И онъ взглянулъ вопросительно на Ивана Яковлевича.

— Что-же теперь я буду дѣлать? прошепталъ тотъ со вздохомъ.

— Ужь я, братецъ, и ума не приложу. Видно, пропадешь, какъ вошь въ табакѣ!

— Я ужь и такъ пропалъ! подхватилъ Иванъ Яковлевичъ. — Сегодня опять отъ сына письмо получилъ… денегъ проситъ. Если не пришлете, говоритъ, придется университетъ покидать.

— Плохо дѣло! плохо, плохо! заговорилъ судья и, вынувъ изъ кармана портъ-моне, отсчиталъ десять рублей. На-ка вотъ, это отъ меня сыну твоему, проговорилъ онъ. — Отошли ему… Или нѣтъ, постой, я подписочку устрою, можетъ, еще кто нибудь пожертвуетъ.

И, взявъ листъ бумаги, онъ написалъ на немъ свой вкладъ.

— Господа! проговорилъ онъ затѣмъ. — Вы слышали, въ чемъ дѣло, не желаетъ-ли кто помочь молодому человѣку?

Первымъ желающимъ явилась Ѳемида. Она вынула изъ кошелька, сколько мнѣ показалось, послѣднюю пятирублевую ассигнацію и, положивъ ее на столъ, написала на листѣ: Отъ Ѳемиды пять рублей.
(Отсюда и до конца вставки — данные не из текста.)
lemma segment_in_imp_in_cone:
  assumes "A \<subseteq> simple_roots m" "i \<le> j" "segment_in A i j"
  shows "in_cone A B (i, j)"
proof -
  let ?X = "(\<lambda>k. (k, Suc k)) ` {i..<j}"
  have "finite A" using assms(1) finite_simple_roots finite_subset by blast
  have X: "?X \<subseteq> A" using assms(3) by (auto simp: segment_in_def)
  have "(\<Sum>s\<in>A. int (if s \<in> ?X then 1 else 0) * root_vec s k)
      = (\<Sum>s\<in>A. if s \<in> ?X then root_vec s k else 0)" for k
    by (rule sum.cong) auto
  also have "\<dots> k = (\<Sum>s\<in>?X. root_vec s k)" for k
    using \<open>finite A\<close> X by (simp add: sum.inter_restrict[symmetric] Int_absorb1)
  also have "(\<Sum>s\<in>?X. root_vec s k) = root_vec (i, j) k" for k
    using assms(2) by (simp add: sum.reindex inj_on_def sum_root_vec_segment)
  finally show ?thesis
    unfolding in_cone_def
    by (intro exI[of _ "\<lambda>s. if s \<in> ?X then 1 else 0"] exI[of _ "\<lambda>_. 0"]) auto
qed

lemma in_cone_simple_iff:
  assumes "A \<subseteq> simple_roots m" "B \<subseteq> simple_roots m" "i \<noteq> j"
  shows "in_cone A B (i, j) \<longleftrightarrow> (i < j \<and> segment_in A i j) \<or> (j < i \<and> segment_in B j i)"
proof (cases "i < j")
  case True
  then show ?thesis
    using in_cone_imp_segment_in[OF assms(1,2)] segment_in_imp_in_cone[OF assms(1)] by auto
next
  case False
  with assms(3) have "j < i" by simp
  then show ?thesis
    using in_cone_swap[of A B i j] in_cone_imp_segment_in[OF assms(2,1)]
      segment_in_imp_in_cone[OF assms(2)] by auto
qed

lemma root_act_inv_root_act: "bij f \<Longrightarrow> root_act (inv f) (root_act f s) = s"
  by (simp add: root_act_def bij_is_inj)

lemma inj_root_act: "bij f \<Longrightarrow> inj (root_act f)"
  by (rule inj_on_inverseI[of _ "root_act (inv f)"]) (simp add: root_act_inv_root_act)

lemma root_vec_root_act:
  assumes "bij f"
  shows "root_vec (root_act f s) k = root_vec s (inv f k)"
proof -
  have "k = f x \<longleftrightarrow> inv f k = x" for x
    using assms bij_inv_eq_iff by metis
  then show ?thesis
    by (simp add: root_vec_def root_act_def)
qed

lemma in_cone_root_act:
  assumes "bij f" "in_cone A B \<alpha>"
  shows "in_cone (root_act f ` A) (root_act f ` B) (root_act f \<alpha>)"
proof -
  obtain a b :: "nat \<times> nat \<Rightarrow> nat" where eq: "\<And>k. root_vec \<alpha> k =
      (\<Sum>s\<in>A. int (a s) * root_vec s k) - (\<Sum>t\<in>B. int (b t) * root_vec t k)"
    using assms(2) unfolding in_cone_def fun_eq_iff by blast
  have reindex: "(\<Sum>s\<in>X. int (c s) * root_vec s (inv f k))
      = (\<Sum>s\<in>root_act f ` X. int ((c \<circ> root_act (inv f)) s) * root_vec s k)"
    for X and c :: "nat \<times> nat \<Rightarrow> nat" and k
    using assms(1) by (simp add: sum.reindex inj_on_subset[OF inj_root_act] root_act_inv_root_act
        root_vec_root_act)
  have "root_vec (root_act f \<alpha>) k =
      (\<Sum>s\<in>root_act f ` A. int ((a \<circ> root_act (inv f)) s) * root_vec s k)
      - (\<Sum>t\<in>root_act f ` B. int ((b \<circ> root_act (inv f)) t) * root_vec t k)" for k
    using eq[of "inv f k"] by (simp add: root_vec_root_act[OF assms(1)] reindex)
  then show ?thesis
    unfolding in_cone_def by blast
qed

lemma in_cone_inv_root_act_iff:
  assumes "bij f"
  shows "in_cone (root_act (inv f) ` A) (root_act (inv f) ` B) \<alpha> \<longleftrightarrow> in_cone A B (root_act f \<alpha>)"
proof
  assume "in_cone (root_act (inv f) ` A) (root_act (inv f) ` B) \<alpha>"
  from in_cone_root_act[OF assms this] show "in_cone A B (root_act f \<alpha>)"
    using assms by (simp add: image_image root_act_def bij_is_surj surj_f_inv_f)
next
  assume "in_cone A B (root_act f \<alpha>)"
  from in_cone_root_act[OF bij_imp_bij_inv[OF assms] this]
  show "in_cone (root_act (inv f) ` A) (root_act (inv f) ` B) \<alpha>"
    using assms by (simp add: root_act_inv_root_act)
qed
— Ну, а ты, подпишешь что-ли? спросилъ судья Уховертова.

— Съ большущимъ удовольствіемъ-съ. Почему не подписать-съ.

— А сколько?

— Сколько могу, Василій Николаичъ!

— А сколько ты можешь; гривенникъ что-ли?

— Зачѣмъ-же, Василій Николаичъ!

— Сколь ко-же?

— Рублевочку подпишу-съ.

— Не мало?

— Довольно-съ.

Но, подумавъ немного, Уховертовъ проговорилъ:

— Ну, извольте-съ, даю трешницу-съ… На сахаръ было взялъ, признаться, да видно дѣлать нечего!

— Пиши.

Уховертовъ подошелъ къ столу, засучилъ правый рукавъ поддевки, и, взявъ отъ Василія Николаича перо, подмахнулъ три рубля. Затѣмъ онъ отошелъ въ уголъ, заворожилъ фалду поддевки и, вынувъ изъ штановъ что-то завернутое въ синюю сахарную бумагу, поспѣшно выдернулъ трешницу, которую и положилъ на столъ. Продѣлавъ все это, Уховертовъ такъ вспотѣлъ, что потъ катился съ него ручьями. Затѣмъ, Василій Николаичъ передалъ подписной листъ публикѣ, и такъ какъ таковой было довольно много, и въ числѣ ея находилось два, три управляющихъ, то подписка, сверхъ всякаго ожиданія, достигла шестидесяти рублей съ чѣмъ-то. Василій Николаичъ былъ въ восторгѣ.

— Ну, вотъ на тебѣ! говорилъ онъ Ивану Яковлевичу. — Перешли сегодня-же эти деньги сыну.

И затѣмъ онъ написалъ рѣшеніе, которымъ опредѣлилъ: коллежскому регистратору Ивану Яковлеву Морковкину въ искѣ съ мѣщанина Уховертова 450 рублей за проданныхъ овецъ отказать.

— А ты все-таки перенеси дѣло на съѣздъ! прибавилъ онъ обращаясь къ Ивану Яковлевичу. — Чортъ знаетъ, вѣдь ошибиться, братецъ, не трудно… все лучше, какъ перенесешь!

Но Иванъ Яковлевичъ врядъ ли слышалъ слова эти. Онъ сидѣлъ уже на стулѣ и, закрывъ лицо руками, рыдалъ какъ ребенокъ. Уховертовъ долго смотрѣлъ на него; наконецъ, покачавъ головой, проговорилъ своимъ хрипучимъ голосомъ:

— Иванъ Яковлевичъ! да объ чемъ-же вы такъ сокрушаетесь? Вѣдь это оченно даже для меня обидно-съ! Неужто-же вы полагаете, что я съ вами не разплачусь честно и аккуратно? Это даже очень непріятно-съ, что вы меня за такого считаете-съ! Кажется, слава Богу, на мнѣ этой самой морали не было-съ! Будемъ стараться, будемъ хлопотать-съ и все какъ есть сполна уплатимъ-съ!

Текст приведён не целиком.